As any small business founder knows, the journey to launching a company is a rollercoaster, to say the least. Thankfully, there are so many resources (and funding opportunities) available to entrepreneurs. There's never been a better time to bring your business idea to life--particularly if you have the right partner to help you do it.

My co-founder Julie Hochheiser Ilkovich and I worked together before we started our content marketing company (she was originally my boss at a popular magazine nearly a decade ago).

While we didn't set out to create a business together, we both had strong--and similar-- ideas about how the publishing industry was changing. After talking outside of the office, we realized we both wanted to create a company that connected top-tier journalists with brands to create powerful high-quality content.

We launched our company Masthead Media in 2012, and as the years progressed, we  learned how to leverage each other's strengths to turn our idea into a growing, thriving agency.

It's been said that it's harder to choose a business partner than a spouse--and based on personal experience, it can feel like an even bigger commitment! As you consider pairing up with a friend, colleague, family member, or a new networking buddy to launch your own new venture, ask yourself these four critical questions.

Will this person complement my skill set?

The greatest advantage of having a partner is working with someone whose strengths are so different from your own. No one person can be passionate about every aspect of the business, and so it's critical to align with someone who is driven by (and is good at!) completely different aspects of the work.

I've always loved the thrill of the pitch, storytelling, and marketing, while Julie is probably the most organized and process-oriented person that I've ever met. She's also a highly skilled manager of people and is able to bring out the best in our team members. 

But at the end of the day, we both feel strongly about investing in and fostering great talent, and we have the same overarching vision for our company. This is so crucial: Bringing a partnership back to a shared set of goals for the business.

Do they share my values?

Julie and I were on the same team prior to launching our company. It was clear that we clicked, particularly from a business perspective. I loved that she seemed as driven and entrepreneurial as me, and was also decisive about taking action. 

Work ethic is something that can make or break a company: I wanted to work with someone who'd stay committed to what we were building, but also valued work-life balance. Julie and I work hard, but we definitely believe in unplugging each night and focusing on our families.

It can be hard to find a business partner whose values line up exactly with yours, but a great starting point is identifying the people in your network whose work you respect, or who have been outstanding teammates in the past. 

Will they be a partner in problem-solving?

And as with any working relationship, it's important to find a partner who can effectively manage through any kind of conflict or disagreement. Julie and I know that we should always address any major issue in person, without putting it off.

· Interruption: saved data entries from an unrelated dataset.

lemma backlog_pos_before_done_at:
  assumes j: "j \<in> eligible" and "r j < r s + int m" "m < done_at j"
  shows "backlog j m > 0"
proof -
  have "j \<in> {x \<in> eligible_upto j. r x < r s + int m}"
    using assms by (auto simp: eligible_upto_def)
  then have "remaining m j \<le> backlog j m" unfolding backlog_def
    by (rule member_le_sum) (use finite_eligible_upto remaining_nonneg in \<open>auto simp: eligible_upto_def\<close>)
  moreover have "remaining m j > 0" using remaining_pos_iff[OF j] assms(3) by simp
  ultimately show ?thesis by simp
qed

lemma busy_period_start:
  assumes j: "j \<in> eligible"
  obtains m0 where "r s + int m0 \<le> r j" "backlog j m0 = 0"
    "\<And>m. m0 \<le> m \<Longrightarrow> m < done_at j \<Longrightarrow> eligible_upto j \<inter> avail m \<noteq> {}"
    "\<And>m. m0 < m \<Longrightarrow> m < done_at j \<Longrightarrow> backlog j m > 0"
proof -
  define aj where "aj = nat (r j - r s)"
  have rj: "r j = r s + int aj" using eligibleD[OF j] unfolding aj_def by auto
  define m0 where "m0 = (GREATEST m. m \<le> aj \<and> backlog j m = 0)"
  have m0: "m0 \<le> aj \<and> backlog j m0 = 0"
    unfolding m0_def by (rule GreatestI_nat[where k = 0 and b = aj]) (auto simp: backlog_0)
  have pos: "backlog j m > 0" if "m0 < m" "m < done_at j" for m
  proof (cases "m \<le> aj")
    case True
    have "backlog j m \<noteq> 0"
    proof
      assume "backlog j m = 0"
      have "m \<le> m0"
        unfolding m0_def by (rule Greatest_le_nat[where b = aj]) (use True \<open>backlog j m = 0\<close> in auto)
      with that(1) show False by simp
    qed
    then show ?thesis using backlog_nonneg[of j m] by simp
  qed (use backlog_pos_before_done_at[OF j] rj that(2) in simp)
  have busy: "eligible_upto j \<inter> avail m \<noteq> {}" if "m0 \<le> m" "m < done_at j" for m
  proof (cases "Suc m < done_at j")
    case True
    then show ?thesis using pos[of "Suc m"] backlog_Suc_idle[OF j, of m] that by force
  next
    case False
    then have "m = done_at j - 1" using that(2) by simp
    then have "pick m = Some j" using pick_last[OF j] by simp
    then show ?thesis using pick_SomeD(1) j by (auto simp: eligible_upto_def)
  qed
  show ?thesis
  proof (rule that)
    show "r s + int m0 \<le> r j" using m0 rj by simp
  qed (fact m0[THEN conjunct2] busy pos)+
qed

lemma load_bound_greedy:
  assumes j: "j \<in> eligible"
  obtains l where "1 \<le> l" "l \<le> j" "r s \<le> r l" "r l \<le> r j"
    "load_bound p r j l = r s + int (done_at j)"
proof -
  obtain m0 where m0: "r s + int m0 \<le> r j" "backlog j m0 = 0"
      and busy: "\<And>m. m0 \<le> m \<Longrightarrow> m < done_at j \<Longrightarrow> eligible_upto j \<inter> avail m \<noteq> {}"
      and pos: "\<And>m. m0 < m \<Longrightarrow> m < done_at j \<Longrightarrow> backlog j m > 0"
    using busy_period_start[OF j] by blast
  define T where "T = r s + int m0"
  define C where "C = r s + int (done_at j)"
  have rjC: "r j < C" using release_less_done_at[OF j] unfolding C_def .
  have closed: "backlog j m = load p r j T (r s + int m) - int (m - m0)"
    if "m0 \<le> m" "m \<le> done_at j" for m
    using backlog_busy_interval[OF j busy that] m0(2) unfolding T_def by simp
  have "m0 < done_at j" using m0(1) rjC unfolding C_def by simp
  then have "backlog j (m0 + 1) = load p r j T (T + 1) - 1"
    using closed[of "m0 + 1"] unfolding T_def by (simp add: algebra_simps)
  then have "load p r j T (T + 1) \<noteq> 0" using backlog_nonneg[of j "m0 + 1"] by simp
  then have "{x. 1 \<le> x \<and> x \<le> j \<and> T \<le> r x \<and> r x < T + 1} \<noteq> {}"
    unfolding load_def by (metis sum.empty)
  then obtain l where l: "1 \<le> l" "l \<le> j" "r l = T" by force
  have "load_bound p r j l = C"
  proof (rule load_bound_eqI[where r = r and i = j and l = l, OF rjC])
    show "r l + load p r j (r l) C \<le> C"
      using closed[of "done_at j"] backlog_done_at[OF j] \<open>m0 < done_at j\<close> l(3)
      unfolding T_def C_def by simp
    show "b < r l + load p r j (r l) b" if "r j < b" "b < C" for b
    proof -
      define m where "m = nat (b - r s)"
      have b: "b = r s + int m" "m0 < m" "m < done_at j"
        using that m0(1) unfolding m_def C_def by auto
      then show ?thesis using closed[of m] pos[of m] l(3) unfolding T_def by simp
    qed
  qed
  then show ?thesis using that l m0(1) eligibleD[OF j] unfolding T_def C_def by simp
qed

end

locale feasible_job_instance = job_instance +
  assumes feasible: "\<exists>S. valid_sched n p r d S \<and> sched_jobs S = {1..n}"
begin

lemma done_at_le_deadline:
  assumes j: "j \<in> eligible"
  shows "r s + int (done_at j) \<le> d j"
proof (rule ccontr)
  assume "\<not> ?thesis"
  then have late: "d j < r s + int (done_at j)" by simp
  obtain S0 where S0: "valid_sched n p r d S0" "sched_jobs S0 = {1..n}" using feasible by blast
  have jS: "j \<in> sched_jobs S0" using S0(2) eligibleD[OF j] by auto
  then obtain t where "S0 t = Some j" unfolding sched_jobs_def by auto
  then have rd: "r j < d j" using valid_sched_slot[OF S0(1)] by fastforce
  obtain l where l: "r s \<le> r l" "r l \<le> r j" "load_bound p r j l = r s + int (done_at j)"
    using load_bound_greedy[OF j] by blast
  \<comment> \<open>\<open>d\<^sub>j\<close> lies strictly below the least admissible \<open>b\<close>, so the jobs in \<open>[r\<^sub>l, d\<^sub>j)\<close> do not fit\<close>
  have overload: "d j - r l < load p r j (r l) (d j)"
    using load_bound_le[where p = p and r = r and i = j and b = "d j" and l = l] rd late l(3) by force
  define A where "A = {x. 1 \<le> x \<and> x \<le> j \<and> r l \<le> r x \<and> r x < d j}"
  have finA: "finite A" unfolding A_def by (rule finite_subset[of _ "{..j}"]) auto
  have AS: "A \<subseteq> sched_jobs S0" unfolding A_def S0(2) using eligibleD[OF j] by auto
  have "r l \<le> t \<and> t < d j" if "x \<in> A" "S0 t = Some x" for x t
    using valid_sched_slot[OF S0(1) \<open>S0 t = Some x\<close>] d_le[of x j] eligibleD[OF j] that
    unfolding A_def by fastforce
  then have "sum p A \<le> d j - r l"
    by (rule valid_sched_sum_p_le[OF S0(1) finA AS]) (use rd l in auto)
  then show False using overload unfolding load_def A_def by simp
qed

lemma greedy_valid: "valid_sched n p r d G"
  unfolding valid_sched_def
proof (rule conjI; intro allI impI ballI)
  fix t j assume "G t = Some j"
  then obtain m where m: "t = r s + int m" "pick m = Some j" using greedy_eq_Some_iff by blast
  have "j \<in> avail m" "j \<in> eligible" using pick_SomeD(1)[OF m(2)] by (auto simp: avail_def)
  moreover have "t < d j"
    using pick_less_done_at[OF m(2)] done_at_le_deadline[OF \<open>j \<in> eligible\<close>] m(1) by simp
  ultimately show "1 \<le> j \<and> j \<le> n \<and> r j \<le> t \<and> t < d j"
    using eligibleD m(1) by (auto simp: avail_def)
next
  fix j assume "j \<in> sched_jobs G"
  then show "int (card {t. G t = Some j}) = p j" using card_greedy_slots sched_jobs_greedy by simp
qed

lemma greedy_sk_schedule:
  assumes "eligible \<noteq> {}"
  shows "sk_schedule n p r d s k G"
proof -
  have cmax: "cmax r s G = Max (compl G ` eligible)"
    unfolding cmax_def sched_jobs_greedy using assms by simp
  have "compl G j \<le> d k" if "j \<in> eligible" for j
    using compl_greedy[OF that] done_at_le_deadline[OF that] d_le[of j k] eligibleD[OF that] k_le_n
    by simp
  then have "cmax r s G \<le> d k"
    unfolding cmax using finite_eligible assms by simp
  moreover have "r j < cmax r s G" if "j \<in> eligible" for j
  proof -
    have "compl G j \<le> cmax r s G" unfolding cmax using finite_eligible that by simp
    then show ?thesis using compl_greedy[OF that] release_less_done_at[OF that] by simp
  qed
  then have "sched_jobs G = {j. 1 \<le> j \<and> j \<le> k \<and> r s \<le> r j \<and> r j < cmax r s G}"
    unfolding sched_jobs_greedy by (auto simp: eligible_def)
  ultimately show ?thesis unfolding sk_schedule_def using greedy_valid by simp
qed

We trust each other enough to have really productive face-to-face conversations. Early on, I worried about tough talks (what if they meant the end of our partnership?) but now I know the communication will make things better, not worse.

We also create space to have deeper conversations, even when there isn't a specific issue. Each quarter, Julie and I meet for a full day at the office on our own (no employees) to discuss what's happening with the company.

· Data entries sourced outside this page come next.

lemma parity_tail_decomposition:
  assumes x: "norm x < 1"
  shows "length ms = length es \<Longrightarrow> set es \<subseteq> {1, -1} \<Longrightarrow>
    parity_tail x n ms es = (-1) ^ length ms * Sx x n ms es - (\<Sum>j=1..length ms. (-1) ^ j * split_term x j n ms es)"
proof (induction ms es arbitrary: n rule: list_induct2)
  case (Cons m ms e es)
  have e: "e \<in> {1, -1}" and es: "set es \<subseteq> {1, -1}"
    using Cons.prems by auto
  define c where "c = e * (-1) ^ n"
  define h where "h k = of_real (fac c (Suc k) m) * parity_tail x (Suc k) ms es" for k
  have c: "c \<in> {1, -1}"
    using e by (auto simp: c_def minus_one_power_iff)
  have "summable h"
    unfolding h_def by (rule summable_fac_parity_tail[OF x es c])
  then have "suminf h = (\<Sum>k. h (k + n)) + (\<Sum>k<n. h k)"
    by (rule suminf_split_initial_segment)
  moreover have "parity_tail x n (m # ms) (e # es) = (\<Sum>k. h (k + n))"
    by (simp add: h_def c_def)
  ultimately have "parity_tail x n (m # ms) (e # es) = suminf h - (\<Sum>k<n. h k)"
    by simp
  moreover have "suminf h = split_term x 1 n (m # ms) (e # es)"
    unfolding h_def suminf_fac_parity_tail_split[OF x es] by (simp add: split_term_def c_def mult_ac)
  moreover have "(\<Sum>k<n. h k) = (-1) ^ length ms * Sx x n (m # ms) (e # es)
      - (\<Sum>j=1..length ms. (-1) ^ j * split_term x (Suc j) n (m # ms) (e # es))"
  proof -
    have "(\<Sum>k<n. h k) = (\<Sum>N=1..n. of_real (fac c N m) * parity_tail x N ms es)"
      by (simp add: h_def sum.atLeast1_atMost_eq)
    also have "\<dots> = (-1) ^ length ms * (\<Sum>N=1..n. of_real (fac c N m) * Sx x N ms es)
        - (\<Sum>j=1..length ms. (-1) ^ j * (\<Sum>N=1..n. of_real (fac c N m) * split_term x j N ms es))"
      unfolding Cons.IH[OF es]
      by (simp add: algebra_simps sum_subtractf sum_distrib_left) (rule sum.swap)
    also have "\<dots> = (-1) ^ length ms * Sx x n (m # ms) (e # es)
        - (\<Sum>j=1..length ms. (-1) ^ j * split_term x (Suc j) n (m # ms) (e # es))"
      unfolding Sx_Cons c_def
      by (intro arg_cong2[where f = "(-)"] refl sum.cong arg_cong2[where f = "(*)"])
        (rule sum_fac_split_term[OF _ e], simp)
    finally show ?thesis .
  qed
  moreover have "(\<Sum>j=1..length (m # ms). (-1) ^ j * split_term x j n (m # ms) (e # es))
      = - split_term x 1 n (m # ms) (e # es) - (\<Sum>j=1..length ms. (-1) ^ j * split_term x (Suc j) n (m # ms) (e # es))"
    unfolding length_Cons One_nat_def sum.atLeast1_atMost_eq sum.lessThan_Suc_shift by (simp add: sum_negf)
  ultimately show ?case
    by simp
qed simp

Additionally, each year, we do a two-day company retreat with the rest of the team. Those are also great times to discuss bigger things, like company policies we'd like to put into place, or major life events on the horizon that could affect the business. 

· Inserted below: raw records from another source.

(* Let $\gamma(du\mid h)$ be a finite-memory policy and suppose there exist non-trivial (nonzero) measures $\lambda_x$ on $\mathbb{X}$ and $\lambda_u$ on $\mathbb{U}$ such that $\mathcal{T}(dx_1\mid x,u)\ge\lambda_x(dx_1)$ for all $(x,u)\in\mathbb{X}\times\mathbb{U}$ and $\gamma(du\mid h)\ge\lambda_u(du)$ for all $h\in\mathbb{H}$. Then the Markov chain $(h_t,X_t,U_t)$ under $\gamma$ is exponentially ergodic.
   Context: POMDP: $\mathbb{X}\subset\mathbb{R}^m$, $\mathbb{Y}\subset\mathbb{R}^n$, $\mathbb{U}\subset\mathbb{R}^l$ Borel sets; transition kernel $\mathcal{T}(dx'\mid x,u)$ from $\mathbb{X}\times\mathbb{U}$ to $\mathbb{X}$, observation kernel $O(dy\mid x)$ from $\mathbb{X}$ to $\mathbb{Y}$; conditionally on the past, $Y_t\sim O(\cdot\mid X_t)$ and $X_{t+1}\sim\mathcal{T}(\cdot\mid X_t,U_t)$. Fix a memory length $N\ge1$; the finite-memory variable is $h_t=(Y_t,\dots,Y_{t-N},U_{t-1},\dots,U_{t-N})\in\mathbb{H}:=\mathbb{Y}^{N+1}\times\mathbb{U}^N$. A finite-memory policy is a stochastic kernel $\gamma(du\mid h)$ from $\mathbb{H}$ to $\mathbb{U}$ with $U_t\sim\gamma(\cdot\mid h_t)$; under it $(h_t,X_t,U_t)$ is a Markov chain. Exponential ergodicity means this chain has a unique invariant probability measure and converges to it exponentially fast in total variation from every initial condition. *)

theory Defs
  imports "HOL-Probability.Probability"
begin

definition bspace :: "'a::euclidean_space set \<Rightarrow> 'a measure" where
  "bspace A = restrict_space borel A"

text \<open>Finite-memory space H = Y^(N+1) x U^N.  A memory value is a pair (ys, us)
  with ys i = Y_(t-i) for i in {0..N} and us j = U_(t-j) for j in {1..N}.\<close>
definition mem_space :: "nat \<Rightarrow> 'y measure \<Rightarrow> 'u measure \<Rightarrow> ((nat \<Rightarrow> 'y) \<times> (nat \<Rightarrow> 'u)) measure" where
  "mem_space N MY MU = (PiM {..N} (\<lambda>_. MY)) \<Otimes>\<^sub>M (PiM {1..N} (\<lambda>_. MU))"

text \<open>Memory update: h_(t+1) from h_t, the new observation Y_(t+1) and the action U_t.\<close>
definition mem_shift :: "nat \<Rightarrow> (nat \<Rightarrow> 'y) \<times> (nat \<Rightarrow> 'u) \<Rightarrow> 'y \<Rightarrow> 'u \<Rightarrow> (nat \<Rightarrow> 'y) \<times> (nat \<Rightarrow> 'u)" where
  "mem_shift N h y u =
     ((\<lambda>i\<in>{..N}. if i = 0 then y else fst h (i - 1)),
      (\<lambda>j\<in>{1..N}. if j = 1 then u else snd h (j - 1)))"

definition fm_kernel ::
  "(((nat \<Rightarrow> 'y) \<times> (nat \<Rightarrow> 'u)) \<times> 'x \<times> 'u) measure \<Rightarrow> nat \<Rightarrow> ('x \<times> 'u \<Rightarrow> 'x measure) \<Rightarrow> ('x \<Rightarrow> 'y measure) \<Rightarrow>
   ((nat \<Rightarrow> 'y) \<times> (nat \<Rightarrow> 'u) \<Rightarrow> 'u measure) \<Rightarrow>
   ((nat \<Rightarrow> 'y) \<times> (nat \<Rightarrow> 'u)) \<times> 'x \<times> 'u \<Rightarrow>
   (((nat \<Rightarrow> 'y) \<times> (nat \<Rightarrow> 'u)) \<times> 'x \<times> 'u) measure" where
  "fm_kernel S N T Obs \<gamma> z =
     (case z of (h, x, u) \<Rightarrow>
        T (x, u) \<bind> (\<lambda>x'. Obs x' \<bind> (\<lambda>y'.
          let h' = mem_shift N h y' u in \<gamma> h' \<bind> (\<lambda>u'. return S (h', x', u')))))"

fun kernel_pow :: "'a measure \<Rightarrow> ('a \<Rightarrow> 'a measure) \<Rightarrow> nat \<Rightarrow> 'a \<Rightarrow> 'a measure" where
  "kernel_pow S P 0 z = return S z"
| "kernel_pow S P (Suc n) z = kernel_pow S P n z \<bind> P"

definition tv_dist :: "'a measure \<Rightarrow> 'a measure \<Rightarrow> real" where
  "tv_dist \<mu> \<nu> = (SUP A \<in> sets \<mu>. \<bar>measure \<mu> A - measure \<nu> A\<bar>)"

definition exp_ergodic :: "'a measure \<Rightarrow> ('a \<Rightarrow> 'a measure) \<Rightarrow> bool" where
  "exp_ergodic S P \<longleftrightarrow>
     (\<exists>\<pi>. prob_space \<pi> \<and> sets \<pi> = sets S \<and> (\<pi> \<bind> P) = \<pi> \<and>
        (\<forall>\<nu>. prob_space \<nu> \<and> sets \<nu> = sets S \<and> (\<nu> \<bind> P) = \<nu> \<longrightarrow> \<nu> = \<pi>) \<and>
        (\<exists>\<rho>::real. 0 \<le> \<rho> \<and> \<rho> < 1 \<and>
           (\<forall>z\<in>space S. \<exists>C::real. \<forall>n. tv_dist (kernel_pow S P n z) \<pi> \<le> C * \<rho> ^ n)))"

end

theory Submission
  imports Defs
begin

text \<open>Doeblin's argument. If the \<open>m\<close>-step kernel \<open>P\<^sup>m\<close> dominates a fixed measure \<open>\<nu>\<close> of
  mass \<open>c > 0\<close> from every state, then \<open>P\<^sup>m\<close> contracts the distance
  \<open>sup {\<bar>\<mu> g - \<mu>' g\<bar> | 0 \<le> g \<le> 1}\<close> by the factor \<open>1 - c\<close>; this gives a unique invariant law
  and geometric convergence to it in total variation.

  For the finite-memory chain one can take \<open>m = N + 1\<close>. Drawing the first hidden state from
  \<open>\<lambda>\<^sub>x\<close> and every action from \<open>\<lambda>\<^sub>u\<close> only decreases the \<open>(N + 1)\<close>-step law, and after
  \<open>N + 1\<close> steps the memory has been entirely renewed, so the resulting sub-probability law no
  longer depends on the starting state. Its mass is \<open>\<lambda>\<^sub>x(X) \<lambda>\<^sub>u(U)^(N + 1) > 0\<close>.\<close>

section \<open>Kernels and the Giry monad\<close>

lemma le_measureI:
  assumes "sets M = sets S" and "sets M' = sets S"
    and "\<And>A. A \<in> sets S \<Longrightarrow> emeasure M A \<le> emeasure M' A"
  shows "M \<le> M'"
proof -
  have "emeasure M A \<le> emeasure M' A" for A
    using assms by (cases "A \<in> sets S") (auto simp: emeasure_notin_sets)
  then show ?thesis
    using assms sets_eq_imp_space_eq[of M M'] by (simp add: le_measure_iff le_fun_def)
qed

lemma bind_assoc_sets:
  assumes "sets M = sets S" and "f \<in> S \<rightarrow>\<^sub>M subprob_algebra N" and "g \<in> N \<rightarrow>\<^sub>M subprob_algebra R"
  shows "bind (bind M f) g = bind M (\<lambda>x. bind (f x) g)"
  by (rule bind_assoc) (use assms measurable_cong_sets[OF assms(1) refl] in auto)

lemma bind_assoc_cong:
  assumes "sets M = sets S" and "f \<in> S \<rightarrow>\<^sub>M subprob_algebra N" and "g \<in> N \<rightarrow>\<^sub>M subprob_algebra R"
    and "\<And>x. x \<in> space S \<Longrightarrow> bind (f x) g = h x"
  shows "bind (bind M f) g = bind M h"
  unfolding bind_assoc_sets[OF assms(1-3)]
  using assms(4) sets_eq_imp_space_eq[OF assms(1)] by (intro bind_cong) auto

lemma bind_in_space_prob_algebra:
  assumes "\<mu> \<in> space (prob_algebra M)" and "K \<in> M \<rightarrow>\<^sub>M prob_algebra N"
  shows "\<mu> \<bind> K \<in> space (prob_algebra N)"
  using prob_space_bind'[OF assms] sets_bind'[OF assms] by (simp add: space_prob_algebra)

lemma emeasure_bind_mono:
  assumes sM': "sets M' = sets M0" and sM: "sets M = sets M0"
    and K': "K' \<in> M0 \<rightarrow>\<^sub>M subprob_algebra N" and K: "K \<in> M0 \<rightarrow>\<^sub>M subprob_algebra N"
    and M_le: "\<And>A. A \<in> sets M0 \<Longrightarrow> emeasure M' A \<le> emeasure M A"
    and K_le: "\<And>z A. z \<in> space M0 \<Longrightarrow> A \<in> sets N \<Longrightarrow> emeasure (K' z) A \<le> emeasure (K z) A"
    and A: "A \<in> sets N"
  shows "emeasure (M' \<bind> K') A \<le> emeasure (M \<bind> K) A"
proof (cases "space M0 = {}")
  case True
  then have "space M' = {}" using sets_eq_imp_space_eq[OF sM'] by simp
  moreover have "emeasure (count_space {}) A = 0"
    by (cases "A = {}") (auto simp: emeasure_notin_sets)
  ultimately show ?thesis by (simp add: bind_empty)
next
  case False
  have space: "space M' = space M0" "space M = space M0"
    using sets_eq_imp_space_eq[OF sM'] sets_eq_imp_space_eq[OF sM] by auto
  have "M' \<le> M"
    using sM' sM M_le by (rule le_measureI)
  have "emeasure (M' \<bind> K') A = (\<integral>\<^sup>+z. emeasure (K' z) A \<partial>M')"
    using False space K' by (intro emeasure_bind[OF _ _ A]) (auto cong: measurable_cong_sets[OF sM' refl])
  also have "\<dots> \<le> (\<integral>\<^sup>+z. emeasure (K z) A \<partial>M')"
    using K_le A space by (intro nn_integral_mono) auto
  also have "\<dots> \<le> (\<integral>\<^sup>+z. emeasure (K z) A \<partial>M)"
    using \<open>M' \<le> M\<close> sM sM' by (intro nn_integral_mono_measure) auto
  also have "\<dots> = emeasure (M \<bind> K) A"
    using False space K by (intro emeasure_bind[OF _ _ A, symmetric]) (auto cong: measurable_cong_sets[OF sM refl])
  finally show ?thesis .
qed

Can we get the job done--together?

Back when Masthead was founded, Julie and I did a little bit (well, a lot!) of everything. As any founder knows, there are never enough hours in the day to keep up with the nonstop process of launching a company. 

But doing a little of everything is not necessarily the most efficient way to get things done, or to learn. Within a year, it became clearer where our interests and strengths were, and while we oversee different areas of the business now, we also both have a hand in company operations. 

As we grew, we were able to hire for some areas of work that it didn't make sense for either of us to become experts in, like bookkeeping. Delegating this type of work helped to make us more effective leaders, and when our team has clear ownership over their tasks, we all get more done.

While every business partnership is different, I'm proud of the one that Julie and I have cultivated, and the lessons we've learned as our company has grown.